As the Telegraph is reporting, Bollea recently claimed that Hogan is gay and had an affair with wrestler Brutus Beefcake. She also accused the wrestler of being prone to violent, threatening outbursts during their marriage.

US Weekly notes that in her memoir, "Wrestling The Hulk: My Life Against the Ropes," Bollea writes, Hogan "...tore my clothes, threw lamps, and held me down on the bed with his hands around my throat during arguments... I was always afraid he would kill me in one of his rages."

The revelation of Hogan's supposed affair with Beefcake occurred while she was promoting the book.

Thursday Hogan fired back by filing an 18-page civil suit against Bollea claiming he was defamed reports the St. Petersburg Times.

Hogan's attorney, Wil Florin, told to the paper, "He's being accused of all sorts of vile conduct that he did not commit," adding, "Miss Bollea's made enough of these outrageous allegations that it's time they stop. The only realistic way of making them stop is through the court system."
Hogan himself said:

_ *"If any of that was true, I would admit it, and (if) I was a homosexual I would embrace it. It's just so crazy to hear, so I have a real problem with it... If you're going to say I'm something that I'm not to try to ruin my career and my livelihood... I have to answer her back. It's so ridiculous. I don't mean to laugh about it, because it's not funny. But it's insane. It doesn't make any sense to me."*_


----------



## IronAddict (Dec 15, 2011)

That's the lowest any female could go, calling you a homo, much less your ex wife!
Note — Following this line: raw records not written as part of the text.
(* Let $A=\begin{pmatrix} a & b\\ c & d\end{pmatrix}$ be a $2\times 2$ matrix with positive rational entries. The alternate minimization limit $S(A)$ of $A$ has rational entries if and only if $ad/(bc)$ is the square of a rational number.
   Context: For an $n\times n$ matrix $A=(a_{i,j})$ let $\mathrm{row}_i(A)=\sum_j a_{i,j}$ and $\mathrm{col}_j(A)=\sum_i a_{i,j}$. For a matrix $A$ with positive entries let $X(A)=\mathrm{diag}(1/\mathrm{row}_1(A),\ldots,1/\mathrm{row}_n(A))$ and $Y(A)=\mathrm{diag}(1/\mathrm{col}_1(A),\ldots,1/\mathrm{col}_n(A))$. The alternate minimization sequence of $A$ is defined by $A^{(0)}=A$, $A^{(2k+1)}=A^{(2k)}\,Y(A^{(2k)})$ and $A^{(2k+2)}=X(A^{(2k+1)})\,A^{(2k+1)}$ for $k\ge 0$; for positive matrices this sequence converges, and its limit $S(A)=\lim_{\ell\to\infty}A^{(\ell)}$ (a doubly stochastic matrix, i.e. all row and column sums equal $1$) is called the alternate minimization limit of $A$. *)

theory Defs
  imports "HOL-Analysis.Analysis"
begin

definition row_sum :: "real^'n^'n \<Rightarrow> 'n \<Rightarrow> real" where
  "row_sum A i = (\<Sum>j\<in>UNIV. A $ i $ j)"

definition col_sum :: "real^'n^'n \<Rightarrow> 'n \<Rightarrow> real" where
  "col_sum A j = (\<Sum>i\<in>UNIV. A $ i $ j)"

definition diag_mat :: "('n \<Rightarrow> real) \<Rightarrow> real^'n^'n" where
  "diag_mat f = (\<chi> i j. if i = j then f i else 0)"

definition Xmat :: "real^'n^'n \<Rightarrow> real^'n^'n" where
  "Xmat A = diag_mat (\<lambda>i. 1 / row_sum A i)"

definition Ymat :: "real^'n^'n \<Rightarrow> real^'n^'n" where
  "Ymat A = diag_mat (\<lambda>j. 1 / col_sum A j)"

fun alt_min_seq :: "real^'n^'n \<Rightarrow> nat \<Rightarrow> real^'n^'n" where
  "alt_min_seq A 0 = A"
| "alt_min_seq A (Suc l) =
     (if even l then alt_min_seq A l ** Ymat (alt_min_seq A l)
      else Xmat (alt_min_seq A l) ** alt_min_seq A l)"

definition alt_min_limit :: "real^'n^'n \<Rightarrow> real^'n^'n" where
  "alt_min_limit A = lim (alt_min_seq A)"

definition mat2 :: "real \<Rightarrow> real \<Rightarrow> real \<Rightarrow> real \<Rightarrow> real^2^2" where
  "mat2 a b c d = (\<chi> i j. if i = 1 then (if j = 1 then a else b) else (if j = 1 then c else d))"

end

theory Submission
  imports Defs "HOL-Probability.Characteristic_Functions"
begin

(* One column and one row normalisation turn a positive matrix A into the row normalisation of
   A diag(v) for positive column weights v, so the even iterates of the alternate minimization are
   determined by a sequence of weights.  For a 2 x 2 matrix only the ratio r = v_2 / v_1 matters,
   and a double step maps r to the Moebius transform (2ac + (ad + bc) r) / ((ad + bc) + 2bd r).
   Its positive fixed point s satisfies bd s^2 = ac, and the quantity (r - s) / (r + s) is
   multiplied at every step by a constant of modulus < 1, so r tends to s.  Consequently S(A) is
   the doubly stochastic matrix with diagonal entries t / (1 + t) and off-diagonal entries
   1 / (1 + t), where t = sqrt (ad / (bc)), and it is rational exactly when t is. *)

abbreviation row_normalize :: "real^'n^'n \<Rightarrow> real^'n^'n" where
  "row_normalize A \<equiv> Xmat A ** A"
Such bitterness, Linda. By the way, how's your relationship going with that teenager, anyways? 

Such maturity, geesh!


----------



## oufinny (Dec 15, 2011)

IronAddict said:


> That's the lowest any female could go, calling you a homo, much less your ex wife!
> 
> Such bitterness, Linda. By the way, how's your relationship going with that teenager, anyways?
> 
> Such maturity, geesh!



That pretty much sums up my exact thinking as well.


----------



## myCATpowerlifts (Dec 15, 2011)

Once a gold-digger, always a gold-digger.


----------



## ~RaZr~ (Dec 15, 2011)

What a bitch. I remember seeing on his reality show, post divorce, she was living in his house with that teenager. 

Whatcha gonna do Linda?!


----------



## Arnold (Dec 15, 2011)

she is scum.


----------



## gamma (Dec 15, 2011)

so women u gotta watch em ....what a bitch


----------



## Rodja (Dec 15, 2011)

Gold-digging, useless cunt.  I hope he gets back every penny that she stole from him.


----------



## ExLe (Dec 15, 2011)

Gold digging tramp whore...

Even if Hogan was tapping Beefcake, she got her $ and is screwing a 20 year old...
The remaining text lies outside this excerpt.